I used to have 99.5-100% successrate in uploads.
So if more users from northern Europe would start using Tardigrade - would I see more traffic then?

BrightSilence · February 12, 2020, 11:52am

I would expect so, yes. So do some local promotion at local businesses.

Tulip · February 13, 2020, 9:45pm

Hi,

Same here i Norge.

Fiber connection

My November stats

========== AUDIT =============
Successful: 105
Recoverable failed: 0
Unrecoverable failed: 0
Success Rate Min: 100.000%
Success Rate Max: 100.000%
========== DOWNLOAD ==========
Successful: 12047
Failed: 2
Success Rate: 99.983%
========== UPLOAD ============
Successful: 28406
Rejected: 0
Failed: 394
Acceptance Rate: 100.000%
Success Rate: 98.632%
========== REPAIR DOWNLOAD ===
Successful: 0
Failed: 0
Success Rate: 0.000%
========== REPAIR UPLOAD =====
Successful: 111
Failed: 0
Success Rate: 100.000%

Today stats

========== AUDIT =============
Successful: 9356
Recoverable failed: 0
Unrecoverable failed: 0
Success Rate Min: 100.000%
Success Rate Max: 100.000%
========== DOWNLOAD ==========
Successful: 48588
Failed: 180
Success Rate: 99.631%
========== UPLOAD ============
Successful: 103574
Rejected: 0
Failed: 140534
Acceptance Rate: 100.000%
Success Rate: 42.430%
========== REPAIR DOWNLOAD ===
Successful: 2226
Failed: 0
Success Rate: 100.000%
========== REPAIR UPLOAD =====
Successful: 5413
Failed: 6848
Success Rate: 44.148%

So looks like a big drooooooop

KernelPanick · February 13, 2020, 10:06pm

When there is more traffic and less competition successrates are higher. When there is less traffic, and more competition, they will be much lower.

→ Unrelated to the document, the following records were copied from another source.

(* Let $n,r\geq 1$ and let $F$ be a real-valued mapping defined on $\bigcup_{\eta\subset[n]}\Pi(\eta\times[r])$ which has the connectedness factorization property: for every nonempty $\eta\subset[n]$ and every $\rho\in\Pi(\eta\times[r])$, $$F(\rho)=\prod_{b\subset\eta:\ b\times[r]\in\rho\vee\pi_\eta}F(\rho_b),\qquad \rho_b:=\{c\in\rho: c\subset b\times[r]\}.$$ Then for every nonempty $\eta\subset[n]$ the virtual cumulant of $F$ satisfies $$C_F(\eta)=\sum_{\sigma\in\Pi(\eta\times[r]):\ \sigma\vee\pi_\eta=\widehat{1}}F(\sigma),$$ the sum being over connected partitions of $\eta\times[r]$.
   Context: $[n]=\{1,\dots,n\}$; $\Pi(S)$ is the set of partitions of a finite set $S$; $\rho\vee\sigma$ is the finest partition coarser than $\rho$ and $\sigma$, $\widehat{1}$ is the one-block partition. For $\eta\subset[n]$, $\pi_\eta=\{\pi_k:k\in\eta\}$ with $\pi_k=\{(k,1),\dots,(k,r)\}$; note that every block of $\rho\vee\pi_\eta$ has the form $b\times[r]$ with $b\subset\eta$. The Möbius transform is $\widehat{F}(\eta):=\sum_{\rho\in\Pi(\eta\times[r])}F(\rho)$, $\widehat F(\emptyset)=0$. The virtual cumulant $C_F$ is defined by $C_F(\eta)=\widehat F(\eta)$ when $|\eta|=1$, and recursively $C_F(\eta)=\widehat F(\eta)-\sum_{\sigma\in\Pi(\eta),\,|\sigma|\geq 2}\prod_{b\in\sigma}C_F(b)$ for $|\eta|\geq 2$. *)

theory Defs
  imports Complex_Main "HOL-Library.Disjoint_Sets"
begin

definition same_block :: "'a set set \<Rightarrow> ('a \<times> 'a) set" where
  "same_block P = {(x, y). \<exists>B\<in>P. x \<in> B \<and> y \<in> B}"

text \<open>Join of two partitions of the same ground set: the finest partition coarser than
  both, i.e. the classes of the equivalence closure of the union of their block relations.\<close>
definition pjoin :: "'a set set \<Rightarrow> 'a set set \<Rightarrow> 'a set set" where
  "pjoin \<rho> \<sigma> = (\<Union>\<rho>) // ((same_block \<rho> \<union> same_block \<sigma>)\<^sup>*)"

definition pi_eta :: "nat \<Rightarrow> nat set \<Rightarrow> (nat \<times> nat) set set" where
  "pi_eta r \<eta> = {{k} \<times> {1..r} | k. k \<in> \<eta>}"

definition mobius :: "nat \<Rightarrow> ((nat \<times> nat) set set \<Rightarrow> real) \<Rightarrow> nat set \<Rightarrow> real" where
  "mobius r F \<eta> = (if \<eta> = {} then 0
     else (\<Sum>\<rho>\<in>{\<rho>. partition_on (\<eta> \<times> {1..r}) \<rho>}. F \<rho>))"

lemma block_card_less:
  assumes "finite \<eta>" "partition_on \<eta> \<sigma>" "card \<sigma> \<ge> 2" "b \<in> \<sigma>"
  shows "card b < card \<eta>"
proof -
  have "\<sigma> - {b} \<noteq> {}"
  proof
    assume "\<sigma> - {b} = {}"
    then have "\<sigma> \<subseteq> {b}" by blast
    then have "card \<sigma> \<le> card {b}" by (intro card_mono) auto
    then have "card \<sigma> \<le> 1" by simp
    with assms show False by simp
  qed
  then obtain c where c: "c \<in> \<sigma>" "c \<noteq> b" by blast
  have "c \<noteq> {}" using assms(2) c(1) by (auto simp: partition_on_def)
  then obtain x where x: "x \<in> c" by blast
  have "x \<notin> b" using assms(2) c x assms(4) by (auto simp: partition_on_def disjoint_def)
  moreover have "x \<in> \<eta>" "b \<subseteq> \<eta>" using assms(2) c x assms(4) by (auto simp: partition_on_def)
  ultimately have "b \<subset> \<eta>" by blast
  then show ?thesis using assms(1) by (simp add: psubset_card_mono)
qed

text \<open>Virtual cumulant C_F, defined by the recursion in the paper (value on the empty set
  is irrelevant).\<close>
function vcum :: "nat \<Rightarrow> ((nat \<times> nat) set set \<Rightarrow> real) \<Rightarrow> nat set \<Rightarrow> real" where
  "vcum r F \<eta> = (if infinite \<eta> \<or> card \<eta> \<le> 1 then mobius r F \<eta>
     else mobius r F \<eta> - (\<Sum>\<sigma>\<in>{\<sigma>. partition_on \<eta> \<sigma> \<and> card \<sigma> \<ge> 2}. \<Prod>b\<in>\<sigma>. vcum r F b))"
  by auto
termination
  by (relation "measure (\<lambda>(r, F, \<eta>). card \<eta>)") (auto intro!: block_card_less)

end

(* Every block of rho v pi_eta has the form b x [r], and these b form a partition tau of eta,
   the connected components of rho; the restriction of rho to b x [r] is a connected partition
   of b x [r].  Conversely, gluing arbitrary connected partitions of the sets b x [r] along a
   partition tau of eta gives back a partition whose components are tau.  Both directions rest
   on the locality of the join: on a set saturated by two partitions it only depends on their
   blocks inside that set.  Through this bijection the factorization property turns the Moebius
   transform into  F^(eta) = sum_tau prod_(b in tau) G(b),  where G(b) is the sum of F over the
   connected partitions of b x [r].  This is the recursion defining the virtual cumulant, so
   C_F = G by induction on |eta|. *)

theory Submission
  imports Defs "HOL-Library.FuncSet"
begin

lemma partition_on_eq_if_common:
  "partition_on A P \<Longrightarrow> p \<in> P \<Longrightarrow> q \<in> P \<Longrightarrow> x \<in> p \<Longrightarrow> x \<in> q \<Longrightarrow> p = q"
  using disjointD[OF partition_onD2] by blast

definition saturated :: "'a set set \<Rightarrow> 'a set \<Rightarrow> bool" where
  "saturated P B \<longleftrightarrow> (\<forall>c\<in>P. c \<inter> B \<noteq> {} \<longrightarrow> c \<subseteq> B)"

lemma saturatedD: "saturated P B \<Longrightarrow> c \<in> P \<Longrightarrow> x \<in> c \<Longrightarrow> x \<in> B \<Longrightarrow> c \<subseteq> B"
  unfolding saturated_def by blast

definition blocks_within :: "'a set set \<Rightarrow> 'a set \<Rightarrow> 'a set set" where
  "blocks_within P B = {c\<in>P. c \<subseteq> B}"

definition join_rel :: "'a set set \<Rightarrow> 'a set set \<Rightarrow> ('a \<times> 'a) set" where
  "join_rel \<rho> \<sigma> = (same_block \<rho> \<union> same_block \<sigma>)\<^sup>*"

lemma pjoin_join_rel: "pjoin \<rho> \<sigma> = (\<Union>\<rho>) // join_rel \<rho> \<sigma>"
  by (simp add: pjoin_def join_rel_def)

lemma equiv_join_rel: "equiv UNIV (join_rel \<rho> \<sigma>)"
proof -
  have "sym (same_block \<rho> \<union> same_block \<sigma>)"
    by (auto simp: sym_def same_block_def)
  then show ?thesis
    unfolding join_rel_def by (intro equivI refl_rtrancl sym_rtrancl trans_rtrancl) auto
qed

lemma rtrancl_Image_eq_if_closed:
  assumes closed: "\<And>u v. u \<in> B \<Longrightarrow> (u, v) \<in> Q \<Longrightarrow> (u, v) \<in> Q' \<and> v \<in> B"
    and "Q' \<subseteq> Q" and "x \<in> B"
  shows "Q\<^sup>* `` {x} = Q'\<^sup>* `` {x}" and "Q\<^sup>* `` {x} \<subseteq> B"
proof -
  have "(x, y) \<in> Q'\<^sup>* \<and> y \<in> B" if "(x, y) \<in> Q\<^sup>*" for y
    using that
  proof (induction rule: rtrancl_induct)
    case base
    then show ?case using \<open>x \<in> B\<close> by simp
  next
    case (step u v)
    then show ?case using closed[of u v] by (meson rtrancl_into_rtrancl)
  qed
  moreover have "Q'\<^sup>* \<subseteq> Q\<^sup>*" using \<open>Q' \<subseteq> Q\<close> by (rule rtrancl_mono)
  ultimately show "Q\<^sup>* `` {x} = Q'\<^sup>* `` {x}" and "Q\<^sup>* `` {x} \<subseteq> B" by blast+
qed

lemma pjoin_class_eq:
  assumes "C \<in> pjoin \<rho> \<sigma>" "x \<in> C"
  shows "C = join_rel \<rho> \<sigma> `` {x}"
proof -
  obtain a where "C = join_rel \<rho> \<sigma> `` {a}"
    using assms(1) unfolding pjoin_join_rel by (auto elim!: quotientE)
  with assms(2) show ?thesis
    using equiv_class_eq[OF equiv_join_rel] by simp
qed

Mad_Max · February 14, 2020, 5:37am

Note there is a confirmed bug in latest SW version release that cause a LOT of actually successful transfers marked as failed on logs. Here bug itself on the Github: https://github.com/storj/storj/issues/3771

So at least significant part of increased “upload failure ratio” in February is caused by this logging bug. Actual situation is much better then you can think by looking/parsing local logs taken from storage node.
My rough estimates says for >70-80% of upload failures currently reported in logs are not actual failures during data transfer but just log bugs.

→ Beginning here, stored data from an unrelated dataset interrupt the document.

lemma var_step_derived:
  assumes "i < l" "v \<in> netvars W" "fat i (FVar v, val i (FVar v)) \<in> S'"
  shows "fat (Suc i) (FVar v, val (Suc i) (FVar v)) \<in> S'"
proof -
  note fire = run_fire[OF assms(1)]
  have act: "\<forall>A\<in>set [Act (tr i)]. Pos (i, A) \<in> S'" using action_derived[OF assms(1)] by simp
  show ?thesis
  proof (cases "wr W (tr i) v")
    case None
    let ?x = "val i (FVar v)"
    have same: "val (Suc i) (FVar v) = ?x" using fire_unwritten[OF fire None] by simp
    have law: "Dynamic (Some (FVar v, ?x)) [FAt (FVar v) ?x] [(FVar v, ?x)] \<in> bc_laws W \<phi>"
      using assms(1,2) val_in_fdom[of i "FVar v"] by (auto simp: bc_laws_def)
    have "fat (Suc i) (FVar v, ?x) \<in> S'"
      by (rule dynamic_law_derives[OF law assms(1)])
        (use assms(3) same nfat_val_notin_S[of "Suc i" "FVar v"] in \<open>simp_all add: fat_def\<close>)
    then show ?thesis using same by simp
  next
    case (Some X)
    show ?thesis
    proof (cases "X = {}")
      case True
      then have "Dynamic (Some (FVar v, Null)) [Act (tr i)] [] \<in> bc_laws W \<phi>"
        using run_trans[OF assms(1)] Some by (auto simp: bc_laws_def)
      from dynamic_law_derives[OF this assms(1) act] show ?thesis
        using fire_cleared[OF fire] Some True by simp
    next
      case False
      then obtain d where d: "d \<in> X" "\<eta> (Suc i) v = Some d" using fire_written[OF fire Some] by blast
      then have "Dynamic (Some (FVar v, Val d)) [Act (tr i)] [(FVar v, Val d)] \<in> bc_laws W \<phi>"
        using run_trans[OF assms(1)] Some by (auto simp: bc_laws_def)
      from dynamic_law_derives[OF this assms(1) act] have "fat (Suc i) (FVar v, Val d) \<in> S'"
        using nfat_val_notin_S[of "Suc i" "FVar v"] d(2) by simp
      then show ?thesis using d(2) by simp
    qed
  qed
qed

lemma fluent_step_derived:
  assumes "i < l" "f \<in> fluents (bc W \<phi>)" "fat i (f, val i f) \<in> S'"
  shows "fat (Suc i) (f, val (Suc i) f) \<in> S'"
proof (cases f)
  case (FVar v)
  then show ?thesis using var_step_derived assms by simp
next
  case (FPlace p)
  then show ?thesis using place_step_derived assms by simp
next
  case FTrans
  have "Dynamic (Some (FTrans, BV True)) [Act (tr i)] [] \<in> bc_laws W \<phi>"
    using run_trans[OF assms(1)] by (auto simp: bc_laws_def)
  from dynamic_law_derives[OF this assms(1)] show ?thesis
    using action_derived[OF assms(1)] FTrans by simp
qed

lemma fluent_derived: "i \<le> l \<Longrightarrow> f \<in> fluents (bc W \<phi>) \<Longrightarrow> fat i (f, val i f) \<in> S'"
proof (induction i arbitrary: f)
  case 0
  then show ?case by (simp add: initial_fluent_derived)
next
  case (Suc i)
  then show ?case using fluent_step_derived by simp
qed

lemma Neg_fluent_derived:
  assumes "Neg (i, FAt f x) \<in> S"
  shows "Neg (i, FAt f x) \<in> S'"
proof -
  have i: "i \<le> l" "f \<in> fluents (bc W \<phi>)" "x \<in> bc_fdom W f" "x \<noteq> val i f"
    using assms by (simp_all add: Neg_fluent_in_S)
  then have "\<lparr>rhead = {nfat i (f, x)}, rpos = {fat i (f, val i f)}, rneg = {}\<rparr> \<in> prog l (bc W \<phi>)"
    using val_in_fdom by (intro unique_value_rule_in_prog) simp_all
  then show ?thesis
    by (rule closed_under_reduct_derives[OF S'_closed]) (use fluent_derived i in \<open>auto simp: nfat_def\<close>)
qed

lemma S_subset_closed: "S \<subseteq> S'"
proof
  fix a
  assume a: "a \<in> S"
  obtain i A where "a = Pos (i, A) \<or> a = Neg (i, A)" by (cases a) auto
  then show "a \<in> S'"
  proof
    assume "a = Pos (i, A)"
    then show ?thesis using a fluent_derived action_derived
      by (cases A) (auto simp: fat_def Pos_fluent_in_S Pos_action_in_S)
  next
    assume "a = Neg (i, A)"
    then show ?thesis using a Neg_fluent_derived Neg_action_derived by (cases A) auto
  qed
qed

end

lemma answer_set_S: "answer_set (prog l (bc W \<phi>)) S"
  using S_consistent S_satisfies_prog S_subset_closed by (rule answer_setI)

end

theorem mainTheorem4:
  fixes W :: "('v, 'd, 'p, 't) dawnet"
    and \<phi> :: "'t \<Rightarrow> ('v, 'd) dnf_term list list"
    and l :: nat
    and M :: "nat \<Rightarrow> 'p \<Rightarrow> nat"
    and \<eta> :: "nat \<Rightarrow> ('v, 'd) assignment"
    and tr :: "nat \<Rightarrow> 't"
  assumes "wf_dawnet W"
    and "one_safe W"
    and "\<forall>t\<in>trans W. \<not> guard_trivial W t \<longrightarrow> valid_neg_guard_dnf W t (\<phi> t)"
    and "is_run W l M \<eta> tr"
  shows "answer_set (prog l (bc W \<phi>)) (\<Union>i\<in>{0..l}. Phi W l M \<eta> tr i)"
proof -
  interpret dawnet_run W \<phi> l M \<eta> tr
    using assms by unfold_locales
  show ?thesis
    using answer_set_S unfolding S_def .
qed

end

Although i am not sure about downloading (node egress) percentage. As there is no simple way to check it from SNOs side.
For uploads(ingress) its easy - take pieces id and look for corresponding file on local node HDD. If file is present - then there were no any actual errors and it just wrong log line. If there are line in log that say satellite ask to delete such piece - then again - it was not actual error but just log bug again. Piece was uploaded OK and was later deleted by satellite as it no longer needed.

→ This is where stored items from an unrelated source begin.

(* Let $q$ be a power of an odd prime with $q\equiv1\pmod 4$, $t=\frac{q-1}{4}$, $T$ a generator of $\widehat{\mathbb F_q^{\times}}$, and $\lambda\in\mathbb F_q$ with $\lambda^4=1$. Then $$\frac{3}{q-1}\sum_{j=0}^{q-2}\frac{g(T^{j})^2\,g(T^{2t+j})^2}{g(T^{4j})}\,T^{4j}(4\lambda)=-6q+3q\,T^t(-1).$$
   Context: Characters are extended by $\chi(0)=0$. With $\mathrm{tr}:\mathbb F_q\to\mathbb F_p$ the trace, $\zeta$ a fixed primitive $p$-th root of unity and $\theta(x)=\zeta^{\mathrm{tr}(x)}$, the Gauss sum is $g(\chi)=\sum_{x\in\mathbb F_q}\chi(x)\theta(x)$ (so $g$ of the trivial character is $-1$). *)

theory Defs
  imports "HOL-Computational_Algebra.Computational_Algebra" "HOL-Library.Cardinality" Complex_Main
begin

definition ff_degree :: "'a::{finite,field} itself \<Rightarrow> nat" where
  "ff_degree t = (THE n. card (UNIV :: 'a set) = semiring_char t ^ n)"

text \<open>Absolute trace F_q \<rightarrow> F_p, valued in the prime subfield of F_q.\<close>
definition ff_trace :: "'a::{finite,field} \<Rightarrow> 'a" where
  "ff_trace x = (\<Sum>i<ff_degree TYPE('a). x ^ (CHAR('a) ^ i))"

text \<open>The trace as a residue in {0..p-1} (identifying F_p with Z/pZ).\<close>
definition ff_trace_nat :: "'a::{finite,field} \<Rightarrow> nat" where
  "ff_trace_nat x = (THE k. k < CHAR('a) \<and> of_nat k = ff_trace x)"

definition add_char :: "complex \<Rightarrow> 'a::{finite,field} \<Rightarrow> complex" where
  "add_char \<zeta> x = \<zeta> ^ ff_trace_nat x"

definition prim_root_unity :: "nat \<Rightarrow> complex \<Rightarrow> bool" where
  "prim_root_unity p \<zeta> \<longleftrightarrow> \<zeta> ^ p = 1 \<and> (\<forall>k. 0 < k \<and> k < p \<longrightarrow> \<zeta> ^ k \<noteq> 1)"

definition mult_char :: "('a::{finite,field} \<Rightarrow> complex) \<Rightarrow> bool" where
  "mult_char \<chi> \<longleftrightarrow> \<chi> 0 = 0 \<and> \<chi> 1 = 1 \<and>
     (\<forall>x y. x \<noteq> 0 \<longrightarrow> y \<noteq> 0 \<longrightarrow> \<chi> (x * y) = \<chi> x * \<chi> y)"

text \<open>Power chi^j in the character group, extended by 0 at 0 (so chi^0 is the trivial character with value 0 at 0).\<close>
definition char_pow :: "('a::{finite,field} \<Rightarrow> complex) \<Rightarrow> nat \<Rightarrow> 'a \<Rightarrow> complex" where
  "char_pow \<chi> j x = (if x = 0 then 0 else \<chi> x ^ j)"

definition char_generator :: "('a::{finite,field} \<Rightarrow> complex) \<Rightarrow> bool" where
  "char_generator T \<longleftrightarrow> mult_char T \<and> (\<forall>\<chi>. mult_char \<chi> \<longrightarrow> (\<exists>j. \<chi> = char_pow T j))"

definition gauss_sum :: "complex \<Rightarrow> ('a::{finite,field} \<Rightarrow> complex) \<Rightarrow> complex" where
  "gauss_sum \<zeta> \<chi> = (\<Sum>x\<in>UNIV. \<chi> x * add_char \<zeta> x)"

end

theory Submission
  imports "HOL-Algebra.Algebraic_Closure_Type" "HOL-Number_Theory.Cong" Defs
begin

text \<open>Let \<open>N = q - 1 = 4 t\<close>, \<open>\<chi>\<^sub>j = T\<^sup>j\<close> and \<open>\<phi> = \<chi>\<^sub>2\<^sub>t\<close> the quadratic character.
  Counting square roots gives \<open>\<psi>(4) J(\<psi>, \<psi>) = J(\<psi>, \<phi>)\<close>, and combined with
  \<open>g(\<chi>) g(\<psi>) = J(\<chi>, \<psi>) g(\<chi>\<psi>)\<close> this yields the duplication formula
  \<open>\<chi>(4) g(\<chi>) g(\<chi>\<phi>) = g(\<phi>) g(\<chi>\<^sup>2)\<close>. Applied to \<open>\<chi>\<^sub>j\<close> and \<open>\<chi>\<^sub>2\<^sub>j\<close>, together with
  \<open>g(\<phi>)\<^sup>2 = q\<close>, it turns the \<open>j\<close>-th summand into \<open>q J(\<chi>\<^sub>2\<^sub>j, \<phi>)\<close> whenever \<open>t\<close> does not divide \<open>j\<close>; the
  four indices \<open>j \<in> {0, t, 2t, 3t}\<close> are evaluated directly and deviate from this by
  \<open>q - q\<^sup>2\<close> for \<open>j = t, 3t\<close>. Orthogonality gives \<open>\<Sum>\<^sub>j J(\<chi>\<^sub>2\<^sub>j, \<phi>) = N \<phi>(2)\<close>, and
  \<open>\<phi>(2) = T\<^sup>t(-1)\<close> because \<open>(1 + i)\<^sup>2 = 2 i\<close> for a square root \<open>i\<close> of \<open>-1\<close>.\<close>

lemma CHAR_pos_finite_field: "CHAR('a::{finite,field}) > 0"
  by (simp add: finite_imp_CHAR_pos)

lemma prime_CHAR_finite_field: "prime CHAR('a::{finite,field})"
  by (rule prime_CHAR_semidom[OF CHAR_pos_finite_field])

lemma card_finite_field_ge_2: "CARD('a::{finite,field}) \<ge> 2"
proof -
  have "card {0, 1::'a} \<le> CARD('a)" by (intro card_mono) auto
  thus ?thesis by simp
qed

lemma power_eq_power_mod:
  fixes z :: "'b::monoid_mult"
  assumes "z ^ n = 1"
  shows "z ^ m = z ^ (m mod n)"
proof -
  have "z ^ m = z ^ (m mod n + n * (m div n))" by simp
  also have "\<dots> = z ^ (m mod n)" by (simp only: power_add power_mult assms power_one mult_1_right)
  finally show ?thesis .
qed

lemma of_nat_eq_of_nat_mod_CHAR: "(of_nat m :: 'a::semiring_1_cancel) = of_nat (m mod CHAR('a))"
  by (simp add: of_nat_eq_iff_cong_CHAR cong_def)

lemma sum_UNIV_reindex_inverse:
  fixes g :: "'a::finite \<Rightarrow> 'b::comm_monoid_add"
  assumes "\<And>x. f (h x) = x" "\<And>x. h (f x) = x"
  shows "(\<Sum>x\<in>UNIV. g (f x)) = (\<Sum>x\<in>UNIV. g x)"
  by (rule sum.reindex_bij_witness[of _ h f]) (use assms in auto)

subsection \<open>The cardinality of a finite field\<close>

definition prime_subspace :: "'a::field set \<Rightarrow> bool" where
  "prime_subspace S \<longleftrightarrow> 0 \<in> S \<and> (\<forall>x\<in>S. \<forall>y\<in>S. x + y \<in> S) \<and> (\<forall>x\<in>S. \<forall>k. of_nat k * x \<in> S)"

lemma of_nat_invertible_CHAR:
  assumes "\<not> CHAR('a::{finite,field}) dvd m"
  obtains k where "(of_nat m :: 'a) * of_nat k = 1"
proof -
  have "coprime m CHAR('a)"
    using assms prime_CHAR_finite_field by (metis coprime_commute prime_imp_coprime)
  moreover have "m \<noteq> 0" using assms by (metis dvd_0_right)
  ultimately obtain k l where "m * k = CHAR('a) * l + 1" using bezout_nat by (metis coprime_iff_gcd_eq_1)
  hence "(of_nat m :: 'a) * of_nat k = 1" by (metis of_nat_1 of_nat_CHAR of_nat_add of_nat_mult mult_zero_left add_0)
  thus thesis by (rule that)
qed

lemma prime_subspace_diff:
  assumes "prime_subspace (S :: 'a::{finite,field} set)" "x \<in> S" "y \<in> S"
  shows "x - y \<in> S"
proof -
  have "(of_nat (CHAR('a) - 1) :: 'a) = - 1"
    using CHAR_pos_finite_field[where 'a='a] by (simp add: of_nat_diff)
  thus ?thesis using assms unfolding prime_subspace_def by (metis diff_conv_add_uminus mult_minus1)
qed

lemma prime_subspace_extend:
  assumes S: "prime_subspace S"
  shows "prime_subspace {s + of_nat k * v | s k. s \<in> S}"
  unfolding prime_subspace_def
proof (intro conjI ballI allI)
  have "0 = 0 + of_nat 0 * v" by simp
  thus "0 \<in> {s + of_nat k * v | s k. s \<in> S}" using S unfolding prime_subspace_def by blast
next
  fix x y assume "x \<in> {s + of_nat k * v | s k. s \<in> S}" "y \<in> {s + of_nat k * v | s k. s \<in> S}"
  then obtain s k s' k' where "x = s + of_nat k * v" "s \<in> S" "y = s' + of_nat k' * v" "s' \<in> S"
    by blast
  thus "x + y \<in> {s + of_nat k * v | s k. s \<in> S}" using S unfolding prime_subspace_def
    by (auto intro!: exI[of _ "s + s'"] exI[of _ "k + k'"] simp: algebra_simps)
next
  fix x j assume "x \<in> {s + of_nat k * v | s k. s \<in> S}"
  then obtain s k where "x = s + of_nat k * v" "s \<in> S" by blast
  thus "of_nat j * x \<in> {s + of_nat k * v | s k. s \<in> S}" using S unfolding prime_subspace_def
    by (auto intro!: exI[of _ "of_nat j * s"] exI[of _ "j * k"] simp: algebra_simps)
qed

text \<open>The cosets \<open>S + k v\<close>, \<open>k < p\<close>, are disjoint because \<open>k - k'\<close> is invertible in the prime field.\<close>

lemma inj_on_prime_subspace_cosets:
  fixes S :: "'a::{finite,field} set"
  assumes S: "prime_subspace S" and v: "v \<notin> S"
  shows "inj_on (\<lambda>(s, k). s + of_nat k * v) (S \<times> {..<CHAR('a)})"
proof (rule inj_onI, clarify)
  let ?p = "CHAR('a)"
  fix s k s' k' assume s: "s \<in> S" "s' \<in> S" and k: "k < ?p" "k' < ?p"
    and eq: "s + of_nat k * v = s' + of_nat k' * v"
  have "k = k'"
  proof (rule ccontr)
    assume "k \<noteq> k'"
    hence "(of_nat k :: 'a) \<noteq> of_nat k'" using k by (simp add: of_nat_eq_iff_cong_CHAR cong_def)
    define d where "d = k + (?p - k')"
    have d: "(of_nat d :: 'a) = of_nat k - of_nat k'" using k by (simp add: d_def of_nat_diff)
    hence "\<not> ?p dvd d"
      using \<open>of_nat k \<noteq> of_nat k'\<close> by (simp add: of_nat_eq_0_iff_char_dvd[symmetric])
    then obtain x where x: "(of_nat d :: 'a) * of_nat x = 1" by (rule of_nat_invertible_CHAR)
    have "(of_nat d :: 'a) * v = s' - s" unfolding d using eq by (simp add: algebra_simps)
    hence "v = of_nat x * (s' - s)" using x by (metis mult.assoc mult.commute mult_1)
    thus False using S s v prime_subspace_diff unfolding prime_subspace_def by metis
  qed
  thus "s = s' \<and> k = k'" using eq by simp
qed

lemma card_prime_subspace_extend:
  fixes S :: "'a::{finite,field} set"
  assumes S: "prime_subspace S" and v: "v \<notin> S"
  shows "card {s + of_nat k * v | s k. s \<in> S} = CHAR('a) * card S"
proof -
  have "{s + of_nat k * v | s k. s \<in> S} = (\<lambda>(s, k). s + of_nat k * v) ` (S \<times> {..<CHAR('a)})"
  proof (intro equalityI subsetI)
    fix x assume "x \<in> {s + of_nat k * v | s k. s \<in> S}"
    then obtain s k where "x = s + of_nat k * v" "s \<in> S" by blast
    moreover have "k mod CHAR('a) < CHAR('a)" using CHAR_pos_finite_field[where 'a='a] by simp
    ultimately show "x \<in> (\<lambda>(s, k). s + of_nat k * v) ` (S \<times> {..<CHAR('a)})"
      by (intro image_eqI[of _ _ "(s, k mod CHAR('a))"]) (auto simp flip: of_nat_eq_of_nat_mod_CHAR)
  qed auto
  also have "card \<dots> = card (S \<times> {..<CHAR('a)})"
    by (rule card_image[OF inj_on_prime_subspace_cosets[OF S v]])
  finally show ?thesis by (simp add: card_cartesian_product)
qed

It how i get my estimate of 70-80% rate of “false positive” cases for upload failures.

P.S.
But percentage is relevant to my nodes and other similar nodes only. In Jan i had 97%-99% “Success Rate” on uploads (only 1-3% upload failed) so they almost always in “fast cohort” of nodes as “normal”(netwok avarage) should be about ~15%.
For slower nodes there may be higher percentage of actual errors, but still significant part is just due to wrong logging.